---------- Data for analysis ----------

lemma Pf_deg1_le_6_13:
  assumes vo: "valid_ord ord" and R: "reachable V E L v" and d: "deg E v = 1" and i: "i \<in> colors"
    and not_half: "\<not> (\<exists>u. nbrs E v = {u} \<and> i \<notin> L u \<and> (\<exists>j\<in>colors. j \<noteq> i \<and> j \<notin> L u \<union> L v))"
  shows "Pf ord (Suc n) V E L v i \<le> 6/13"
proof (cases "i \<in> L v")
  case False
  then show ?thesis by (simp add: Pf_notin)
next
  case iL: True
  from vo R d iL show ?thesis
  proof (cases rule: Pf_deg1_cases[where n = n])
    case (card4 u)
    then show ?thesis using Pf_range[OF vo card4(2), of n i] by simp
  next
    case (card3 u j)
    let ?x = "Pf ord n (delV V v) (delE E v) L u i" and ?y = "Pf ord n (delV V v) (delE E v) L u j"
    note Ru = card3(2)
    have x: "0 \<le> ?x" and y: "0 \<le> ?y" using Pf_range[OF vo Ru] by auto
    have "i \<in> L u \<or> j \<in> L u" using not_half card3 by auto
    have "1 \<le> 13 * ?x + 6 * ?y"
    proof (cases "deg (delE E v) u \<le> 1")
      case True
      from \<open>i \<in> L u \<or> j \<in> L u\<close> show ?thesis
      proof
        assume "i \<in> L u"
        then show ?thesis using Pf_lower_bounds(2)[OF vo Ru _ True, of i n] y by linarith
      next
        assume "j \<in> L u"
        then show ?thesis using Pf_lower_bounds(2)[OF vo Ru _ True, of j n] x by linarith
      qed
    next
      case False
      then have "L u = colors"
        using Ru by (intro eq_colors_if_card) (auto simp: reachable_iff admissible_def)
      then have "1/14 \<le> ?x" "1/14 \<le> ?y" using Pf_lower_bounds(1)[OF vo Ru] i card3(4) by auto
      then show ?thesis by linarith
    qed
    then show ?thesis unfolding card3(6) using y by (simp add: divide_simps)
  qed
qed

section \<open>Degree two\<close>

lemma triangle_vertex:
  assumes adm: "admissible V E L" and w: "v \<in> nbrs E w" "q \<in> nbrs E w" "v \<noteq> q"
    and i: "i \<notin> L w" "i \<in> colors"
  shows "nbrs E w = {v, q}" "L w = colors - {i}"
proof -
  have sg: "simple_graph V E" using adm by (rule admissible_simple_graph)
  have "w \<in> V" using nbr_in_V(2)[OF sg w(1)] .
  then have Lw: "L w \<subseteq> colors" "deg E w + 1 \<le> card (L w)" using adm by (auto simp: admissible_def)
  have "card (L w) \<le> card (colors - {i})" using Lw(1) i by (intro card_mono) auto
  then have c3: "card (L w) \<le> 3" using i(2) by simp
  have fin: "finite (nbrs E w)" using finite_nbrs[OF sg] .
  have sub: "{v, q} \<subseteq> nbrs E w" using w by auto
  have "2 \<le> deg E w" unfolding deg_def using card_mono[OF fin sub] w(3) by simp
  with Lw c3 have "deg E w = 2" "card (L w) = 3" by linarith+
  then show "nbrs E w = {v, q}" using card_subset_eq[OF fin sub] w(3) by (simp add: deg_def)
  show "L w = colors - {i}" using Lw(1) i \<open>card (L w) = 3\<close> by (intro eq_colors_minus_if_card) auto
qed

lemma second_marginal_deg1:
  assumes vo: "valid_ord ord" and sg: "simple_graph V E" and nb: "v1 \<noteq> v2"
    and u: "nbrs (delE E v) v2 = {u}" and L2: "L v2 = colors - {i}" and i: "i \<in> colors"
    and j: "j \<in> colors" "j \<noteq> i"
  shows "second_marginal ord (Suc n) V E L v v1 v2 j =
    (1 - Pf ord n (delV (delV V v) v2) (delE (delE E v) v2) (Lupd L [v1, v2] j 1) u j) /
    (2 + Pf ord n (delV (delV V v) v2) (delE (delE E v) v2) (Lupd L [v1, v2] j 1) u i)"
  unfolding second_marginal_def
  using Pf_deg1_card3[where L = "Lupd L [v1, v2] j 1" and v = v2, OF vo simple_graph_del[OF sg] u _ i j(2,1)]
    Lupd_pair_second[OF nb] L2 by simp

context
  fixes ord :: "'a set \<Rightarrow> 'a set set \<Rightarrow> ('a \<Rightarrow> nat set) \<Rightarrow> 'a \<Rightarrow> 'a list"
    and V :: "'a set" and E :: "'a set set" and L :: "'a \<Rightarrow> nat set" and v v1 v2 :: 'a and i :: nat
  assumes vo: "valid_ord ord" and adm: "admissible V E L"
    and nb: "nbrs E v = {v1, v2}" "v1 \<noteq> v2" and e: "{v1, v2} \<in> E"
    and i: "i \<notin> L v1" "i \<notin> L v2" "i \<in> colors"
begin

lemma triangle_structure:
  shows "L v1 = colors - {i}" "L v2 = colors - {i}"
    and "nbrs (delE E v) v1 = {v2}" "nbrs (delE E v) v2 = {v1}"
proof -
  have sg: "simple_graph V E" using adm by (rule admissible_simple_graph)
  have "v1 \<in> nbrs E v" "v2 \<in> nbrs E v" using nb(1) by auto
  then have v: "v \<in> nbrs E v1" "v \<in> nbrs E v2" "v1 \<noteq> v" "v2 \<noteq> v"
    using nbr_in_V(3)[OF sg] by (auto simp: nbrs_sym)
  have "v2 \<in> nbrs E v1" "v1 \<in> nbrs E v2" using e by (auto simp: nbrs_def insert_commute)
  with v have "nbrs E v1 = {v, v2}" "L v1 = colors - {i}" "nbrs E v2 = {v, v1}" "L v2 = colors - {i}"
    using triangle_vertex[OF adm, of v v1 v2 i] triangle_vertex[OF adm, of v v2 v1 i] i by auto
  then show "L v1 = colors - {i}" "L v2 = colors - {i}"
    and "nbrs (delE E v) v1 = {v2}" "nbrs (delE E v) v2 = {v1}"
    using v nb(2) by (auto simp: nbrs_delE)
qed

----------

» **Action item**:
Repeat all of the data shown above, exactly as it appears.

» **Expected answer**:
lemma Pf_deg1_le_6_13:
  assumes vo: "valid_ord ord" and R: "reachable V E L v" and d: "deg E v = 1" and i: "i \<in> colors"
    and not_half: "\<not> (\<exists>u. nbrs E v = {u} \<and> i \<notin> L u \<and> (\<exists>j\<in>colors. j \<noteq> i \<and> j \<notin> L u \<union> L v))"
  shows "Pf ord (Suc n) V E L v i \<le> 6/13"
proof (cases "i \<in> L v")
  case False
  then show ?thesis by (simp add: Pf_notin)
next
  case iL: True
  from vo R d iL show ?thesis
  proof (cases rule: Pf_deg1_cases[where n = n])
    case (card4 u)
    then show ?thesis using Pf_range[OF vo card4(2), of n i] by simp
  next
    case (card3 u j)
    let ?x = "Pf ord n (delV V v) (delE E v) L u i" and ?y = "Pf ord n (delV V v) (delE E v) L u j"
    note Ru = card3(2)
    have x: "0 \<le> ?x" and y: "0 \<le> ?y" using Pf_range[OF vo Ru] by auto
    have "i \<in> L u \<or> j \<in> L u" using not_half card3 by auto
    have "1 \<le> 13 * ?x + 6 * ?y"
    proof (cases "deg (delE E v) u \<le> 1")
      case True
      from \<open>i \<in> L u \<or> j \<in> L u\<close> show ?thesis
      proof
        assume "i \<in> L u"
        then show ?thesis using Pf_lower_bounds(2)[OF vo Ru _ True, of i n] y by linarith
      next
        assume "j \<in> L u"
        then show ?thesis using Pf_lower_bounds(2)[OF vo Ru _ True, of j n] x by linarith
      qed
    next
      case False
      then have "L u = colors"
        using Ru by (intro eq_colors_if_card) (auto simp: reachable_iff admissible_def)
      then have "1/14 \<le> ?x" "1/14 \<le> ?y" using Pf_lower_bounds(1)[OF vo Ru] i card3(4) by auto
      then show ?thesis by linarith
    qed
    then show ?thesis unfolding card3(6) using y by (simp add: divide_simps)
  qed
qed

section \<open>Degree two\<close>

lemma triangle_vertex:
  assumes adm: "admissible V E L" and w: "v \<in> nbrs E w" "q \<in> nbrs E w" "v \<noteq> q"
    and i: "i \<notin> L w" "i \<in> colors"
  shows "nbrs E w = {v, q}" "L w = colors - {i}"
proof -
  have sg: "simple_graph V E" using adm by (rule admissible_simple_graph)
  have "w \<in> V" using nbr_in_V(2)[OF sg w(1)] .
  then have Lw: "L w \<subseteq> colors" "deg E w + 1 \<le> card (L w)" using adm by (auto simp: admissible_def)
  have "card (L w) \<le> card (colors - {i})" using Lw(1) i by (intro card_mono) auto
  then have c3: "card (L w) \<le> 3" using i(2) by simp
  have fin: "finite (nbrs E w)" using finite_nbrs[OF sg] .
  have sub: "{v, q} \<subseteq> nbrs E w" using w by auto
  have "2 \<le> deg E w" unfolding deg_def using card_mono[OF fin sub] w(3) by simp
  with Lw c3 have "deg E w = 2" "card (L w) = 3" by linarith+
  then show "nbrs E w = {v, q}" using card_subset_eq[OF fin sub] w(3) by (simp add: deg_def)
  show "L w = colors - {i}" using Lw(1) i \<open>card (L w) = 3\<close> by (intro eq_colors_minus_if_card) auto
qed

lemma second_marginal_deg1:
  assumes vo: "valid_ord ord" and sg: "simple_graph V E" and nb: "v1 \<noteq> v2"
    and u: "nbrs (delE E v) v2 = {u}" and L2: "L v2 = colors - {i}" and i: "i \<in> colors"
    and j: "j \<in> colors" "j \<noteq> i"
  shows "second_marginal ord (Suc n) V E L v v1 v2 j =
    (1 - Pf ord n (delV (delV V v) v2) (delE (delE E v) v2) (Lupd L [v1, v2] j 1) u j) /
    (2 + Pf ord n (delV (delV V v) v2) (delE (delE E v) v2) (Lupd L [v1, v2] j 1) u i)"
  unfolding second_marginal_def
  using Pf_deg1_card3[where L = "Lupd L [v1, v2] j 1" and v = v2, OF vo simple_graph_del[OF sg] u _ i j(2,1)]
    Lupd_pair_second[OF nb] L2 by simp

context
  fixes ord :: "'a set \<Rightarrow> 'a set set \<Rightarrow> ('a \<Rightarrow> nat set) \<Rightarrow> 'a \<Rightarrow> 'a list"
    and V :: "'a set" and E :: "'a set set" and L :: "'a \<Rightarrow> nat set" and v v1 v2 :: 'a and i :: nat
  assumes vo: "valid_ord ord" and adm: "admissible V E L"
    and nb: "nbrs E v = {v1, v2}" "v1 \<noteq> v2" and e: "{v1, v2} \<in> E"
    and i: "i \<notin> L v1" "i \<notin> L v2" "i \<in> colors"
begin

lemma triangle_structure:
  shows "L v1 = colors - {i}" "L v2 = colors - {i}"
    and "nbrs (delE E v) v1 = {v2}" "nbrs (delE E v) v2 = {v1}"
proof -
  have sg: "simple_graph V E" using adm by (rule admissible_simple_graph)
  have "v1 \<in> nbrs E v" "v2 \<in> nbrs E v" using nb(1) by auto
  then have v: "v \<in> nbrs E v1" "v \<in> nbrs E v2" "v1 \<noteq> v" "v2 \<noteq> v"
    using nbr_in_V(3)[OF sg] by (auto simp: nbrs_sym)
  have "v2 \<in> nbrs E v1" "v1 \<in> nbrs E v2" using e by (auto simp: nbrs_def insert_commute)
  with v have "nbrs E v1 = {v, v2}" "L v1 = colors - {i}" "nbrs E v2 = {v, v1}" "L v2 = colors - {i}"
    using triangle_vertex[OF adm, of v v1 v2 i] triangle_vertex[OF adm, of v v2 v1 i] i by auto
  then show "L v1 = colors - {i}" "L v2 = colors - {i}"
    and "nbrs (delE E v) v1 = {v2}" "nbrs (delE E v) v2 = {v1}"
    using v nb(2) by (auto simp: nbrs_delE)
qed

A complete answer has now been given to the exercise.